Distancing a luxury for underprivileged kids in Ludhiana as they queue up for food

With household fast supplies drying up and parents out of work amid the lockdown, it is the children of the underprivileged who are the worst-hit in these times.

cities Updated: Apr 28, 2020 04:16 IST
Mohit Khanna
Mohit Khanna
Hindustan Times, Ludhiana
Children waiting in queue for food at Ghumar Mandi area in Ludhiana on Monday.
Children waiting in queue for food at Ghumar Mandi area in Ludhiana on Monday.(HT PHOTO)

With household fast supplies drying up and parents out of work amid the lockdown, it is the children of the underprivileged who are the worst-hit in these times. Barely managing two square meals a day, social distancing is a luxury they cannot afford as they are forced to stand in long queues for hours on everyday for a pack of roti and dal. And that for them is no less than a daily dose of chocolate, ice-cream or noodles that their more privileged counterparts seem to enjoy.

At ward 76, where councillor and Punjab Small Industries and Exports Corporation (PSIEC) chairman Gurpreet Gogi has established a ‘Roti Bank’, several children, as young as five, can be seen waiting for food in the long queues. Gogi too says that he has noticed a sizable presence of children in food distribution queues.

A six-year-old girl who was seen waiting in a queue at Ghumar Mandi said, “My mother asked me to come here and fetch food as there nothing to eat at home. I like noodles and chocolates but I am really hungry and have no choice.”

Another nine-year-old girl who was standing in the queue said, “My mother, who was working as a domestic help, has lost her job and is sitting at home. My father, a construction labourer, has also been thrown out of his job. There is no money and the owner of the room is pressing us to pay the rent. I was hungry since morning. I saw many children of our locality standing in the queue to grab a meal. So I have also decided to come here too. I hope that I also get food to eat.”

That the kids are left to fend for themselves is also evident from the fact that of the 200 distress calls the childline has received in the last one month, at least 90% is regarding shortage of food. Though the childline fears that complaints of abuse and violence will start surfacing once the lockdown is lifted, at the moment they are doing their best to mitigate the food crisis.
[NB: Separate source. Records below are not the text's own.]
lemma Gstar_eq_if_welfare_obj_eq_dual:
  fixes P :: "'x::finite \<Rightarrow> ('y::finite option \<Rightarrow> real) measure"
  assumes "welfare_obj P Q Phi mu n m = ereal (G P U n + H Q (\<lambda>x y. Phi x y - U x y) m)"
  shows "Gstar P mu n = ereal ((\<Sum>x\<in>UNIV. \<Sum>y\<in>UNIV. mu x y * U x y) - G P U n)"
proof -
  have "ereal s + (- X - Y) = ereal t \<Longrightarrow> ereal a \<le> X \<Longrightarrow> ereal b \<le> Y \<Longrightarrow> s - a - b = t
      \<Longrightarrow> X = ereal a" for a b s t X Y
    by (cases X; cases Y) auto
  from this[OF _ ereal_le_Gstar ereal_le_Hstar surplus_split] assms show ?thesis
    by (simp add: welfare_obj_def gen_entropy_def)
qed

lemma social_welfare_eq_if_welfare_obj_eq_dual:
  fixes P :: "'x::finite \<Rightarrow> ('y::finite option \<Rightarrow> real) measure"
  assumes "welfare_obj P Q Phi mu n m = ereal (G P U n + H Q (\<lambda>x y. Phi x y - U x y) m)"
  shows "social_welfare P Q Phi n m = ereal (G P U n + H Q (\<lambda>x y. Phi x y - U x y) m)"
proof (rule antisym)
  show "social_welfare P Q Phi n m \<le> ereal (G P U n + H Q (\<lambda>x y. Phi x y - U x y) m)"
    unfolding social_welfare_def by (rule SUP_least) (rule welfare_obj_le_dual)
  show "ereal (G P U n + H Q (\<lambda>x y. Phi x y - U x y) m) \<le> social_welfare P Q Phi n m"
    unfolding social_welfare_def assms[symmetric] by (rule SUP_upper) simp
qed

text \<open>Equality in the Fenchel--Young inequality for \<open>G\<close> makes each \<open>U x\<close> a maximizer of
  \<open>logit_obj (mu x) (n x)\<close>.\<close>
lemma logit_shares_if_welfare_obj_eq_dual:
  fixes P :: "'x::finite \<Rightarrow> ('y::finite option \<Rightarrow> real) measure"
  assumes P: "\<forall>x. P x = iid_gumbel"
    and "welfare_obj P Q Phi mu n m = ereal (G P U n + H Q (\<lambda>x y. Phi x y - U x y) m)"
  shows "mu x y = n x * exp (U x y) / (1 + (\<Sum>y'\<in>UNIV. exp (U x y')))"
proof (rule logit_obj_argmax)
  fix w
  have "ereal (\<Sum>x'\<in>UNIV. logit_obj (mu x') (n x') ((U(x := w)) x')) \<le> Gstar P mu n"
    using ereal_le_Gstar[of mu "U(x := w)" P n] unfolding G_iid_gumbel[OF P] .
  also have "\<dots> = ereal (\<Sum>x'\<in>UNIV. logit_obj (mu x') (n x') (U x'))"
    using Gstar_eq_if_welfare_obj_eq_dual[OF assms(2)] unfolding G_iid_gumbel[OF P] .
  finally have "(\<Sum>x'\<in>UNIV. logit_obj (mu x') (n x') ((U(x := w)) x'))
      \<le> (\<Sum>x'\<in>UNIV. logit_obj (mu x') (n x') (U x'))"
    by simp
  moreover have "(\<Sum>x'\<in>UNIV. logit_obj (mu x') (n x') ((U(x := w)) x'))
      = logit_obj (mu x) (n x) w + (\<Sum>x'\<in>UNIV - {x}. logit_obj (mu x') (n x') (U x'))"
    by (subst sum.remove[of UNIV x]) (auto intro!: sum.cong)
  moreover have "(\<Sum>x'\<in>UNIV. logit_obj (mu x') (n x') (U x'))
      = logit_obj (mu x) (n x) (U x) + (\<Sum>x'\<in>UNIV - {x}. logit_obj (mu x') (n x') (U x'))"
    by (subst sum.remove[of UNIV x]) auto
  ultimately show "logit_obj (mu x) (n x) w \<le> logit_obj (mu x) (n x) (U x)"
    by simp
qed

text \<open>Choo--Siow identification: facing these utilities, the logit choices of the men reproduce
  \<open>mu\<close>.\<close>
definition logit_utilities :: "('x::finite \<Rightarrow> 'y::finite \<Rightarrow> real) \<Rightarrow> ('x \<Rightarrow> real) \<Rightarrow> 'x \<Rightarrow> 'y \<Rightarrow> real"
  where "logit_utilities mu n x y = ln (mu x y) - ln (mu_x0 mu n x)"

lemma Gstar_iid_gumbel_logit_utilities:
  fixes P :: "'x::finite \<Rightarrow> ('y::finite option \<Rightarrow> real) measure"
  assumes P: "\<forall>x. P x = iid_gumbel" and n: "\<forall>x. 0 < n x"
    and mu: "\<forall>x y. 0 < mu x y" and mu0: "\<forall>x. 0 < mu_x0 mu n x"
  shows "Gstar P mu n = ereal ((\<Sum>x\<in>UNIV. \<Sum>y\<in>UNIV. mu x y * logit_utilities mu n x y)
    - G P (logit_utilities mu n) n)"
proof -
  have "logit_obj (mu x) (n x) (logit_utilities mu n x) = logit_conj (mu x) (n x)" for x
    using logit_obj_eq_logit_conj[of "mu x" "n x"] n mu mu0
    by (simp add: logit_utilities_def[abs_def] mu_x0_def)
  then show ?thesis
    using Gstar_iid_gumbel[OF P n] mu mu0 by (simp add: G_iid_gumbel[OF P] less_imp_le)
qed

lemma avg_util_men_iid_gumbel_logit_utilities:
  fixes P :: "'x::finite \<Rightarrow> ('y::finite option \<Rightarrow> real) measure"
  assumes "P x = iid_gumbel" and "0 < n x" and "\<forall>y. 0 < mu x y" and "0 < mu_x0 mu n x"
  shows "avg_util_men P (logit_utilities mu n) x = ln (n x / mu_x0 mu n x)"
proof -
  have "1 + (\<Sum>y\<in>UNIV. exp (logit_utilities mu n x y)) = n x / mu_x0 mu n x"
    using assms by (simp add: logit_utilities_def exp_diff sum_divide_distrib[symmetric] field_simps)
      (simp add: mu_x0_def)
  then show ?thesis
    using avg_util_men_iid_gumbel[of P x, OF assms(1)] by simp
qed

section \<open>Minimizers of \<open>F\<close> and the equilibrium\<close>

definition logit_matching ::
    "('x \<Rightarrow> 'y \<Rightarrow> real) \<Rightarrow> ('x \<Rightarrow> real) \<Rightarrow> ('y \<Rightarrow> real) \<Rightarrow> ('x \<Rightarrow> real) \<Rightarrow> ('y \<Rightarrow> real) \<Rightarrow> 'x \<Rightarrow> 'y \<Rightarrow> real"
  where "logit_matching Phi n m u v x y = sqrt (n x * m y) * exp ((Phi x y - u x - v y) / 2)"

lemma logit_matching_transpose:
  "(\<lambda>y x. logit_matching Phi n m u v x y) = logit_matching (\<lambda>y x. Phi x y) m n v u"
  by (simp add: fun_eq_iff logit_matching_def mult.commute algebra_simps)

lemma logit_matching_pos:
  assumes "0 < n x" and "0 < m y"
  shows "0 < logit_matching Phi n m u v x y"
  using assms by (simp add: logit_matching_def)

lemma sqrt_exp: "sqrt (exp a) = exp (a / 2)"
proof -
  have "exp a = (exp (a / 2))\<^sup>2"
    by (simp add: power2_eq_square flip: exp_add)
  then show ?thesis
    by simp
qed

lemma logit_matching_eq_sqrt:
  assumes "0 \<le> n x" and "0 \<le> m y"
  shows "logit_matching Phi n m u v x y
    = sqrt (n x * exp (- u x) * (m y * exp (- v y))) * exp (Phi x y / 2)"
proof -
  have "sqrt (exp (- u x) * exp (- v y)) * exp (Phi x y / 2) = exp ((Phi x y - u x - v y) / 2)"
    by (simp add: sqrt_exp diff_divide_distrib flip: exp_add)
  then show ?thesis
    using assms by (simp add: logit_matching_def real_sqrt_mult mult_ac)
qed

lemma mu_x0_logit_matching:
  fixes Phi :: "'x::finite \<Rightarrow> 'y::finite \<Rightarrow> real"
  assumes "\<forall>u' v'. Ffun Phi n m u v \<le> Ffun Phi n m u' v'"
  shows "mu_x0 (logit_matching Phi n m u v) n x = n x * exp (- u x)"
  using Ffun_minimizer_eq[OF assms, of x] by (simp add: mu_x0_def logit_matching_def)

lemma mu_0y_logit_matching:
  fixes Phi :: "'x::finite \<Rightarrow> 'y::finite \<Rightarrow> real"
  assumes "\<forall>u' v'. Ffun Phi n m u v \<le> Ffun Phi n m u' v'"
  shows "mu_0y (logit_matching Phi n m u v) m y = m y * exp (- v y)"
  using mu_x0_logit_matching[OF Ffun_minimizer_swap[THEN iffD1, OF assms], of y]
  unfolding mu_0y_eq_mu_x0 logit_matching_transpose .

text \<open>At a minimizer the mass terms of \<open>F\<close> cancel the coupling terms.\<close>
lemma Ffun_minimizer_value:
  fixes Phi :: "'x::finite \<Rightarrow> 'y::finite \<Rightarrow> real"
  assumes "\<forall>u' v'. Ffun Phi n m u v \<le> Ffun Phi n m u' v'"
  shows "Ffun Phi n m u v = (\<Sum>x\<in>UNIV. n x * u x) + (\<Sum>y\<in>UNIV. m y * v y)"
proof -
  define mu where "mu = logit_matching Phi n m u v"
  have "n x * (u x + exp (- u x) - 1) = n x * u x - (\<Sum>y\<in>UNIV. mu x y)" for x
    using mu_x0_logit_matching[OF assms, of x] by (simp add: mu_def mu_x0_def algebra_simps)
  moreover have "m y * (v y + exp (- v y) - 1) = m y * v y - (\<Sum>x\<in>UNIV. mu x y)" for y
    using mu_0y_logit_matching[OF assms, of y] by (simp add: mu_def mu_0y_def algebra_simps)
  moreover have "(\<Sum>y\<in>UNIV. \<Sum>x\<in>UNIV. mu x y) = (\<Sum>x\<in>UNIV. \<Sum>y\<in>UNIV. mu x y)"
    by (rule sum.swap)
  ultimately show ?thesis
    unfolding Ffun_def logit_matching_def[symmetric] mu_def[symmetric]
    by (simp add: sum_subtractf)
qed
section \<open>Topological semigroups with an open left unit\<close>

definition set_mult :: "('a \<Rightarrow> 'a \<Rightarrow> 'a) \<Rightarrow> 'a set \<Rightarrow> 'a set \<Rightarrow> 'a set" where
  "set_mult m A B = {m a b | a b. a \<in> A \<and> b \<in> B}"

lemma set_mult_mono: "A \<subseteq> A' \<Longrightarrow> B \<subseteq> B' \<Longrightarrow> set_mult m A B \<subseteq> set_mult m A' B'"
  unfolding set_mult_def by blast

lemma set_mult_singleton: "set_mult m A {x} = (\<lambda>a. m a x) ` A"
  unfolding set_mult_def by blast

locale semigroup_open_left_unit =
  fixes X :: "'a topology" and m :: "'a \<Rightarrow> 'a \<Rightarrow> 'a" and e :: 'a
  assumes semigroup: "topological_semigroup X m"
    and open_unit: "open_left_unit X m e"
begin

lemma mult_in_topspace: "x \<in> topspace X \<Longrightarrow> y \<in> topspace X \<Longrightarrow> m x y \<in> topspace X"
  using semigroup by (simp add: topological_semigroup_def)

lemma mult_assoc:
  "\<lbrakk>x \<in> topspace X; y \<in> topspace X; z \<in> topspace X\<rbrakk> \<Longrightarrow> m (m x y) z = m x (m y z)"
  using semigroup by (simp add: topological_semigroup_def)

lemma continuous_map_mult: "continuous_map (prod_topology X X) X (\<lambda>p. m (fst p) (snd p))"
  using semigroup by (simp add: topological_semigroup_def)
Arshdeep Singh, coordinator, Ludhiana district, said all calls related to help for food were from the migrant labourers residing in different areas of the district. “When our team visits the house of the caller to provide them food, we first check the quantity of ration being stored by them, number of children in the house and provide them food accordingly. We also check the availability of food in the nearby houses also where migrant workers are residing and provide them ration. During the visit to these houses we also counsel the children,” he said.